THE TASK: After locating the line that contains "theory Defs" in the records below, write out exactly that line and each line after it through the one that contains "real) \<Rightarrow> 'a \<Rightarrow> nat", and nothing else.

DATA IN THIS EXERCISE:
(* Assume the setting described in the context. Let $\rho(\mu):=\min_{a\in A^-}I_{a^*,a}(\hat L_a(a))$. Then under both general and binary contracts, $$C^{\mathrm{SB}}_n(\mu,a^*,u,c)-C^{\mathrm{FB}}(u,c,a^* )=\exp[-\rho(\mu)n+o(n)],\qquad C^{\mathrm{bin}}_n(\mu,a^*,u,c)-C^{\mathrm{FB}}(u,c,a^* )=\exp[-\rho(\mu)n+o(n)].$$
   Context: Finite action set $A$, target $a^*\in A$. A measurable signal space $Z$ with a $\sigma$-finite measure $\nu$. A sequence $\mu=(\mu^n)_n$ of monitoring technologies: for each $n$ and $a\in A$, $\mu^n_a$ is a probability measure on $Z$, absolutely continuous w.r.t. $\nu$ with density $g^n_a$. For $a'\in A\setminus\{a^*\}$, the score $L_n(a')=\frac1n\log\frac{g^n_{a^*}(z)}{g^n_{a'}(z)}$ is well-defined $\mu^n_a$-almost surely for every $a\in A$; $\mathbb{P}_a$ denotes probability under $\mu^n_a$. Large deviations: for each $a\in A$, $a'\neq a^*$ there is $I_{a,a'}:\mathbb{R}\to[0,\infty]$ such that for every measurable $B\subseteq\mathbb{R}$, $-\inf_{\ell\in\mathrm{int}B}I_{a,a'}(\ell)\le\liminf_n\frac1n\log\mathbb{P}_a[L_n(a')\in B]\le\limsup_n\frac1n\log\mathbb{P}_a[L_n(a')\in B]\le-\inf_{\ell\in\mathrm{cl}B}I_{a,a'}(\ell)$. Identification: $I_{a,a'}$ has a unique minimizer $\hat L_a(a')$, and $\hat L_a(a')\neq\hat L_{\tilde a}(a')$ for $a\neq\tilde a$. Regularity: each $I_{a,a'}$ has compact level sets, and $I_{a^*,a'}$ is continuous at $\hat L_{a'}(a')$ and at $\hat L_{a^*}(a')$. Payoffs: $\underline w\in\mathbb{R}$; $u:[\underline w,\infty)\to\mathbb{R}$ is $C^2$, $u'>0$, $u''<0$, $\lim_{w\to\infty}u'(w)=0$; $c:A\to\mathbb{R}$ with $c(A)\subseteq\mathrm{int}\,u([\underline w,\infty))$, $c(a^* )>c(a)$ for some $a$ and $c(a^* )\neq c(a)$ for all $a\neq a^*$; outside option $0$; $h=u^{-1}$. A contract $w:Z\to[\underline w,\infty)$ satisfies (IC) if $\int u(w)d\mu^n_{a^*}-c(a^* )\ge\int u(w)d\mu^n_a-c(a)$ for all $a\in A$ and (IR) if $\int u(w)d\mu^n_{a^*}-c(a^* )\ge0$. $C^{\mathrm{SB}}_n(\mu,a^*,u,c)$ is the infimum of $\int w\,d\mu^n_{a^*}$ over contracts satisfying (IC),(IR), and $C^{\mathrm{bin}}_n$ the same over contracts taking exactly two values. First-best cost $C^{\mathrm{FB}}(u,c,a^* )=h(c(a^* ))$. $A^-=\{a:c(a)<c(a^* )\}$. $f(n)=\exp[-rn+o(n)]$ means $\frac1n\log f(n)\to-r$. *)

theory Defs
  imports "HOL-Probability.Probability"
begin

definition mon :: "'z measure \<Rightarrow> (nat \<Rightarrow> 'a \<Rightarrow> 'z \<Rightarrow> real) \<Rightarrow> nat \<Rightarrow> 'a \<Rightarrow> 'z measure" where
  "mon nu g n a = density nu (\<lambda>z. ennreal (g n a z))"

definition score :: "(nat \<Rightarrow> 'a \<Rightarrow> 'z \<Rightarrow> real) \<Rightarrow> 'a \<Rightarrow> nat \<Rightarrow> 'a \<Rightarrow> 'z \<Rightarrow> real" where
  "score g astar n a' z = ln (g n astar z / g n a' z) / real n"

definition eln :: "real \<Rightarrow> ereal" where
  "eln x = (if x \<le> 0 then -\<infinity> else ereal (ln x))"

definition ld_rate :: "'z measure \<Rightarrow> (nat \<Rightarrow> 'a \<Rightarrow> 'z \<Rightarrow> real) \<Rightarrow> 'a \<Rightarrow> 'a \<Rightarrow> 'a \<Rightarrow> real set \<Rightarrow> nat \<Rightarrow> ereal" where
  "ld_rate nu g astar a a' B n =
     ereal (1 / real n) * eln (measure (mon nu g n a) {z \<in> space nu. score g astar n a' z \<in> B})"

text \<open>Contracts satisfying (IC) and (IR); integrability conditions make the integrals meaningful
  (u(w) is bounded below, so its integral is never -infinity; if it is +infinity under some a,
   (IC) fails; contracts with infinite expected wage do not affect the infimum).\<close>
definition admissible ::
  "'z measure \<Rightarrow> (nat \<Rightarrow> 'a \<Rightarrow> 'z \<Rightarrow> real) \<Rightarrow> 'a set \<Rightarrow> 'a \<Rightarrow> real \<Rightarrow> (real \<Rightarrow> real)
     \<Rightarrow> ('a \<Rightarrow> real) \<Rightarrow> nat \<Rightarrow> ('z \<Rightarrow> real) \<Rightarrow> bool" where
  "admissible nu g A astar wlow u c n w \<longleftrightarrow>
     w \<in> borel_measurable nu \<and> (\<forall>z\<in>space nu. wlow \<le> w z) \<and>
     integrable (mon nu g n astar) w \<and>
     (\<forall>a\<in>A. integrable (mon nu g n a) (\<lambda>z. u (w z))) \<and>
     (\<forall>a\<in>A. (\<integral>z. u (w z) \<partial>mon nu g n astar) - c astar \<ge> (\<integral>z. u (w z) \<partial>mon nu g n a) - c a) \<and>
     (\<integral>z. u (w z) \<partial>mon nu g n astar) - c astar \<ge> 0"

definition C_SB ::
  "'z measure \<Rightarrow> (nat \<Rightarrow> 'a \<Rightarrow> 'z \<Rightarrow> real) \<Rightarrow> 'a set \<Rightarrow> 'a \<Rightarrow> real \<Rightarrow> (real \<Rightarrow> real)
     \<Rightarrow> ('a \<Rightarrow> real) \<Rightarrow> nat \<Rightarrow> ereal" where
  "C_SB nu g A astar wlow u c n =
     (INF w \<in> {w. admissible nu g A astar wlow u c n w}. ereal (\<integral>z. w z \<partial>mon nu g n astar))"

definition C_bin ::
  "'z measure \<Rightarrow> (nat \<Rightarrow> 'a \<Rightarrow> 'z \<Rightarrow> real) \<Rightarrow> 'a set \<Rightarrow> 'a \<Rightarrow> real \<Rightarrow> (real \<Rightarrow> real)
     \<Rightarrow> ('a \<Rightarrow> real) \<Rightarrow> nat \<Rightarrow> ereal" where
  "C_bin nu g A astar wlow u c n =
     (INF w \<in> {w. admissible nu g A astar wlow u c n w \<and> card (w ` space nu) = 2}.
        ereal (\<integral>z. w z \<partial>mon nu g n astar))"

ANSWER FOR THIS EXERCISE:
theory Defs
  imports "HOL-Probability.Probability"
begin

definition mon :: "'z measure \<Rightarrow> (nat \<Rightarrow> 'a \<Rightarrow> 'z \<Rightarrow> real) \<Rightarrow> nat \<Rightarrow> 'a \<Rightarrow> 'z measure" where
  "mon nu g n a = density nu (\<lambda>z. ennreal (g n a z))"

definition score :: "(nat \<Rightarrow> 'a \<Rightarrow> 'z \<Rightarrow> real) \<Rightarrow> 'a \<Rightarrow> nat \<Rightarrow> 'a \<Rightarrow> 'z \<Rightarrow> real" where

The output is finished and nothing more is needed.